Eine zweite Ausstellung fand Juli 1942 in den Berkeley Galleries von William Ohly statt: Exhibition of the 78 paintings of the Tarot Cards by Frieda Harris, einen Monat später neueröffnet in den Räumen der Royal Watercolour Society. Der Katalogtext ist von dem der ersten verschieden, auf der letzten Seite wird vermerkt: »The symbolism, traditional postures, attribution of the Cards, and the planetary, zodiacal and elemental colours have been given to me by an expert who has studied the Tarot for forty years and to whom my thanks are due for his courteous co-operation.«


0 The Fool1 The Magician2 The Priestess3 The Empress4 The Emperor5 The Hierophant6 The Lovers7 The Chariot8 Adjustment9 The Hermit10 Fortune11 Lust12 The Hanged Man13 Death14 Art15 The Devil16 The Tower17 The Star18 The Moon19 The Sun20 The Aeon,21 The Universe


 

0 The Fool
0 The Fool.

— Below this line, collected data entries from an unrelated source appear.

lemma transport_cost_finite:
  assumes "\<gamma> \<in> couplings \<mu> \<nu>" and "\<mu> \<in> P2" and "\<nu> \<in> P2"
  shows "transport_cost \<gamma> < \<infinity>"
proof -
  note \<gamma> = couplingsD[OF assms(1)]
  let ?m = "\<lambda>x. ennreal ((norm x)\<^sup>2)"
  have m: "?m \<in> borel_measurable borel"
    by measurable
  have fst: "(\<integral>\<^sup>+x. ?m x \<partial>\<mu>) = (\<integral>\<^sup>+p. ?m (fst p) \<partial>\<gamma>)"
    unfolding \<gamma>(3)[symmetric] by (rule nn_integral_distr[OF \<gamma>(5)]) (simp add: m)
  have snd: "(\<integral>\<^sup>+x. ?m x \<partial>\<nu>) = (\<integral>\<^sup>+p. ?m (snd p) \<partial>\<gamma>)"
    unfolding \<gamma>(4)[symmetric] by (rule nn_integral_distr[OF \<gamma>(6)]) (simp add: m)
  have "transport_cost \<gamma> \<le> (\<integral>\<^sup>+p. 2 * ?m (fst p) + 2 * ?m (snd p) \<partial>\<gamma>)"
    unfolding transport_cost_def
  proof (rule nn_integral_mono)
    fix p :: "'a \<times> 'a"
    have "ennreal ((norm (fst p - snd p))\<^sup>2) \<le> ennreal (2 * (norm (fst p))\<^sup>2 + 2 * (norm (snd p))\<^sup>2)"
      by (intro ennreal_leI norm_diff_power2_le)
    also have "\<dots> = 2 * ?m (fst p) + 2 * ?m (snd p)"
      by (simp add: ennreal_plus[symmetric] ennreal_mult)
    finally show "ennreal ((norm (fst p - snd p))\<^sup>2) \<le> 2 * ?m (fst p) + 2 * ?m (snd p)" .
  qed
  also have "\<dots> = 2 * (\<integral>\<^sup>+x. ?m x \<partial>\<mu>) + 2 * (\<integral>\<^sup>+x. ?m x \<partial>\<nu>)"
    using \<gamma>(5,6) by (simp add: nn_integral_add nn_integral_cmult fst snd)
  also have "\<dots> < \<infinity>"
    using P2D(3)[OF assms(2)] P2D(3)[OF assms(3)] by (simp add: ennreal_mult_less_top)
  finally show ?thesis .
qed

Air. Aleph

The Fool is Air or Vacuum or Puissant Innocence. He holds the male element of fire, the female element of water, the sword of air, and the disc of earth. He is the Green Man of Spring, the great Fool of the Celts, Daluah and Parsifal. He is also Zeus Arrhenothelus, Dionysus Zagreus, Bacchus Diphues and Baphomet.

The Fool is Air, Emptiness, also Potential Purity. He holds the Wand of Fire, the Cup of Water, the Sword of Air, and the bag of planetary Disks. Round him is the rainbow issuing from and returning to his heart, he wears the fool’s cap, the horns of Bacchus, he stands on Harpocrates, the Egyptian symbol of adolescent Fertility, he is unconscious of the tiger tearing at his side, he is the Green Man of the Celts, Daluah and Parsival. 'This is the moment of divine consciousness.

 

I The Magician or Juggler
I The Magician or Juggler. Mercury. Beth

Mercury, who is Wisdom, Will and Word, by whom the world is created, symbolises the fluidic basis of all transmission of activity. Behind him and through him is the Ape, Hanuman, which is a Hindu conception. The Egyptian counterpart, Thoth, is also always followed by the Cynocephalus Ape.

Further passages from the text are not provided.